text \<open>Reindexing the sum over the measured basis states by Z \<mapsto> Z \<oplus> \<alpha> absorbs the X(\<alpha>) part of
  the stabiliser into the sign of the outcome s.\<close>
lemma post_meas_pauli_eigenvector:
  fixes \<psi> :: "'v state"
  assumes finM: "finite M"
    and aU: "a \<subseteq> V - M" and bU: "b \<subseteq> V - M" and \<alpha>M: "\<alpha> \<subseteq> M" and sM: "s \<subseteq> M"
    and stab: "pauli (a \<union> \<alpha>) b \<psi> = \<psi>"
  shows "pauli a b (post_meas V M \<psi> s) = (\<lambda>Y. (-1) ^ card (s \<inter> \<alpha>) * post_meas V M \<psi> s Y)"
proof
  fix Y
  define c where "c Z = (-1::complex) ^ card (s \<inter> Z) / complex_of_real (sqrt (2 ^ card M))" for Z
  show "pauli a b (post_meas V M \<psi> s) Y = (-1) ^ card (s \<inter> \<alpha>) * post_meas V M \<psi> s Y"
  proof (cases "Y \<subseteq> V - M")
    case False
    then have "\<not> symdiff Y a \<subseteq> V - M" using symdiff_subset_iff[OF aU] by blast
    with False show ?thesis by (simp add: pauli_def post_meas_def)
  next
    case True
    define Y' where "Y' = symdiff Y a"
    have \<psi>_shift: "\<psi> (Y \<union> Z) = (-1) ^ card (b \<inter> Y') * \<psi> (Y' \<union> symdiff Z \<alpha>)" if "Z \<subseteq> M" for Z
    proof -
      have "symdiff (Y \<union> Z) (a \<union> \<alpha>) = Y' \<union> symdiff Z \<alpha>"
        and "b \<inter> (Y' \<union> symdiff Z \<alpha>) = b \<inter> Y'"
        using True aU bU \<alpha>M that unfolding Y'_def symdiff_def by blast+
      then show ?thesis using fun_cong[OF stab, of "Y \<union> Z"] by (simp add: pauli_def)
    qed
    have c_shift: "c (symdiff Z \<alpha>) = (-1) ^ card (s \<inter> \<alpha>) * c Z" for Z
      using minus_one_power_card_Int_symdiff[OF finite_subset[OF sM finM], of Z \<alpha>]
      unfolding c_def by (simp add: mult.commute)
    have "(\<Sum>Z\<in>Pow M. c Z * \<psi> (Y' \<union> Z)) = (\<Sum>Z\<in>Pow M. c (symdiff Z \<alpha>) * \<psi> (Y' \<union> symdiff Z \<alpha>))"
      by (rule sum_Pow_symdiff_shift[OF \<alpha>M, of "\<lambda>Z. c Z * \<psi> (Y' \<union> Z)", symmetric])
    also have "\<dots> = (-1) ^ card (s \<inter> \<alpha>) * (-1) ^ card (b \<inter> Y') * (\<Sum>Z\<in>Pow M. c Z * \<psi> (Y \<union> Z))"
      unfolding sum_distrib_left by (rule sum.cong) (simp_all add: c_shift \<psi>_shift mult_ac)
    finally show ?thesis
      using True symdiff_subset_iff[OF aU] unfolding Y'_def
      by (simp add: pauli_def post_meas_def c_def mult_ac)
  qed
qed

※

Pick out all lines from the data above in which the word "unfolding" appears.

OUTPUT FOR THIS EXERCISE:
        using True aU bU \<alpha>M that unfolding Y'_def symdiff_def by blast+
      unfolding c_def by (simp add: mult.commute)
      unfolding sum_distrib_left by (rule sum.cong) (simp_all add: c_shift \<psi>_shift mult_ac)
      using True symdiff_subset_iff[OF aU] unfolding Y'_def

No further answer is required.